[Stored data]
⟨
lemma mobius_rel_left_unique:
  assumes "a * d - b * c \<noteq> 0" "mobius_rel a b c d v x" "mobius_rel a b c d v' x"
  shows "v = v'"
proof -
  have "(c * x - a) * v = b - d * x" "(c * x - a) * v' = b - d * x"
    using assms(2,3) unfolding mobius_rel_def by (simp_all add: algebra_simps)
  moreover have "c * x - a \<noteq> 0"
  proof
    assume "c * x - a = 0"
    with \<open>(c * x - a) * v = b - d * x\<close> have "a = c * x" "b = d * x"
      by simp_all
    with assms(1) show False
      by simp
  qed
  ultimately show ?thesis
    by (metis mult_cancel_left)
qed

lemma mobius_rel_of_mobius_on:
  assumes "mobius_on {0..1} \<phi>" "mobius_on {0..1} \<psi>" "\<phi> 0 \<noteq> \<phi> 1" "\<psi> 0 \<noteq> \<psi> 1"
  shows "\<exists>a b c d. a * d - b * c \<noteq> 0 \<and> (\<forall>t\<in>{0..1}. mobius_rel a b c d (\<phi> t) (\<psi> t))"
proof -
  obtain a1 b1 c1 d1 where \<phi>: "\<And>t. t \<in> {0..1} \<Longrightarrow> c1 + d1 * t \<noteq> 0 \<and> \<phi> t = (a1 + b1 * t) / (c1 + d1 * t)"
    using assms(1) unfolding mobius_on_def by blast
  obtain a2 b2 c2 d2 where \<psi>: "\<And>t. t \<in> {0..1} \<Longrightarrow> c2 + d2 * t \<noteq> 0 \<and> \<psi> t = (a2 + b2 * t) / (c2 + d2 * t)"
    using assms(2) unfolding mobius_on_def by blast
  \<comment> \<open>The coefficients of \<open>\<psi> \<circ> \<phi>\<inverse>\<close>: the product of the matrices of \<open>\<psi>\<close> and of the adjugate of \<open>\<phi>\<close>.\<close>
  define a b c d where "a = b2 * c1 - a2 * d1" and "b = a2 * b1 - a1 * b2"
    and "c = c1 * d2 - c2 * d1" and "d = b1 * c2 - a1 * d2"
  define k where "k = b1 * c1 - a1 * d1"
  have "k \<noteq> 0"
  proof
    assume "k = 0"
    with \<phi>[of 0] \<phi>[of 1] have "\<phi> 0 = \<phi> 1"
      by (simp add: k_def field_simps)
    with assms(3) show False ..
  qed
  moreover have "b2 * c2 - a2 * d2 \<noteq> 0"
  proof
    assume "b2 * c2 - a2 * d2 = 0"
    with \<psi>[of 0] \<psi>[of 1] have "\<psi> 0 = \<psi> 1"
      by (simp add: field_simps)
    with assms(4) show False ..
  qed
  moreover have "a * d - b * c = k * (b2 * c2 - a2 * d2)"
    unfolding a_def b_def c_def d_def k_def by (simp add: algebra_simps)
  ultimately have "a * d - b * c \<noteq> 0"
    by simp
  moreover have "mobius_rel a b c d (\<phi> t) (\<psi> t)" if "t \<in> {0..1}" for t
  proof -
    have "c * \<phi> t + d = (c * (a1 + b1 * t) + d * (c1 + d1 * t)) / (c1 + d1 * t)"
      "a * \<phi> t + b = (a * (a1 + b1 * t) + b * (c1 + d1 * t)) / (c1 + d1 * t)"
      using \<phi>[OF that] by (simp_all add: field_simps)
    moreover have "c * (a1 + b1 * t) + d * (c1 + d1 * t) = k * (c2 + d2 * t)"
      "a * (a1 + b1 * t) + b * (c1 + d1 * t) = k * (a2 + b2 * t)"
      unfolding a_def b_def c_def d_def k_def by (simp_all add: algebra_simps)
    ultimately show ?thesis
      using \<psi>[OF that] by (simp add: mobius_rel_def)
  qed
  ultimately show ?thesis
    by blast
qed

section \<open>Unexploitable pairs are equivalent\<close>

text \<open>\<open>f\<close> and \<open>g\<close> stand for \<open>J\<^sub>T\<close> and \<open>J\<^sub>T\<^sub>'\<close>, and \<open>B\<close> for a small box of policies around \<open>u\<close>
  inside the given open set.\<close>

locale unexploitable_pair =
  fixes f g :: "('s::finite \<Rightarrow> 'a::finite \<Rightarrow> real) \<Rightarrow> real"
    and P B :: "('s \<Rightarrow> 'a \<Rightarrow> real) set"
    and u :: "'s \<Rightarrow> 'a \<Rightarrow> real"
  assumes rational_f: "rational_along_segments f"
    and rational_g: "rational_along_segments g"
    and mobius_f: "mobius_along_state_changes f"
    and mobius_g: "mobius_along_state_changes g"
    and P_policies: "P \<subseteq> policies"
    and B_P: "B \<subseteq> P"
    and u_B: "u \<in> B"
    and B_mix: "\<And>w w' t. w \<in> B \<Longrightarrow> w' \<in> B \<Longrightarrow> 0 \<le> t \<Longrightarrow> t \<le> 1 \<Longrightarrow> mix w w' t \<in> B"
    and B_open: "\<And>w z. w \<in> B \<Longrightarrow> z \<in> policies \<Longrightarrow> eventually (\<lambda>t. mix w z t \<in> B) (at_right 0)"
    and B_reset: "\<And>w s. w \<in> B \<Longrightarrow> w(s := u s) \<in> B"
    and f_nontrivial: "\<not> trivial_on f P"
    and g_nontrivial: "\<not> trivial_on g P"
    and no_exploit: "\<And>x y. x \<in> P \<Longrightarrow> y \<in> P \<Longrightarrow> f x > f y \<Longrightarrow> g x \<ge> g y"
begin
(* In the HTLC game described in the context, for any $k\in[1,T-1]$, the unique subgame perfect equilibrium in $G^{H}(k,\mathrm{red})$ is that every miner includes an unrelated transaction, and the utility of miner $i$ when doing so is $\lambda_i\big((T-k)f+f^{h}_{\mathcal{B}}\big)$.
   Context: Blockchain model: $n$ miners; miner $i$ has mining power $\lambda_i>0$, $\sum_i\lambda_i=1$, $\lambda_{\min}=\min_i\lambda_i$. Each round exactly one miner is chosen, miner $i$ with probability $\lambda_i$, and creates a block containing one transaction of her choice, receiving its fee. An unrelated transaction offering base fee $f$ is always available. A contract can be redeemed at most once. Miners are rational, non-myopic, with perfect information, maximizing expected tokens. HTLC: a contract holding $v^{\mathrm{dep}}$ tokens initiated in block $b_j$, with digest $dig_a=H(pre_a)$ and timeout $T$, redeemable via htlc-A (signature of $\mathcal{A}$ and $pre_a$; any block) or htlc-B (signature of $\mathcal{B}$; only at least $T$ blocks after initiation). The HTLC game has $T$ rounds creating $b_{j+1},\dots,b_{j+T}$. $\mathcal{A}$ publishes $tx^{h}_{\mathcal{A}}$ (redeems via htlc-A, fee $f^{h}_{\mathcal{A}}$, $f<f^{h}_{\mathcal{A}}<v^{\mathrm{dep}}$) in the first round, and $\mathcal{B}$ publishes $tx^{h}_{\mathcal{B}}$ (redeems via htlc-B, fee $f^{h}_{\mathcal{B}}<v^{\mathrm{dep}}$) with $f^{h}_{\mathcal{B}}>\frac{f^{h}_{\mathcal{A}}-f}{\lambda_{\min}}+f$. A miner can include an unrelated transaction (reward $f$) in any round; $tx^{h}_{\mathcal{A}}$ (reward $f^{h}_{\mathcal{A}}$) in any round while the HTLC is unredeemed; $tx^{h}_{\mathcal{B}}$ (reward $f^{h}_{\mathcal{B}}$) only in round $T$ while the HTLC is unredeemed. $G^{H}(k,s)$ denotes the subgame just before round $k\in[1,T]$ (with $T-k+1$ blocks remaining) with the HTLC redeemable ($\mathrm{red}$) or already redeemed ($\mathrm{irred}$). A miner's utility in a subgame is the expected tokens she accumulates within it. *)

theory Defs
  imports Complex_Main
begin

text \<open>HTLC game. Miners are indexed by 0..<n. States of the HTLC: redeemable / redeemed.\<close>

datatype hstate = Red | Irred

datatype haction = Unrel | TxA | TxB

definition valid_action :: "nat \<Rightarrow> nat \<Rightarrow> hstate \<Rightarrow> haction \<Rightarrow> bool" where
  "valid_action T k s a \<longleftrightarrow>
     a = Unrel \<or> (a = TxA \<and> s = Red) \<or> (a = TxB \<and> s = Red \<and> k = T)"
⟩
Task brief
Please return the lines above that run from the line containing "by simp_all" to the line containing "using assms(2) unfolding", inclusive, exactly and with no other lines.

Written answer
      by simp_all
    with assms(1) show False
      by simp
  qed
  ultimately show ?thesis
    by (metis mult_cancel_left)
qed

lemma mobius_rel_of_mobius_on:
  assumes "mobius_on {0..1} \<phi>" "mobius_on {0..1} \<psi>" "\<phi> 0 \<noteq> \<phi> 1" "\<psi> 0 \<noteq> \<psi> 1"
  shows "\<exists>a b c d. a * d - b * c \<noteq> 0 \<and> (\<forall>t\<in>{0..1}. mobius_rel a b c d (\<phi> t) (\<psi> t))"
proof -
  obtain a1 b1 c1 d1 where \<phi>: "\<And>t. t \<in> {0..1} \<Longrightarrow> c1 + d1 * t \<noteq> 0 \<and> \<phi> t = (a1 + b1 * t) / (c1 + d1 * t)"
    using assms(1) unfolding mobius_on_def by blast
  obtain a2 b2 c2 d2 where \<psi>: "\<And>t. t \<in> {0..1} \<Longrightarrow> c2 + d2 * t \<noteq> 0 \<and> \<psi> t = (a2 + b2 * t) / (c2 + d2 * t)"
    using assms(2) unfolding mobius_on_def by blast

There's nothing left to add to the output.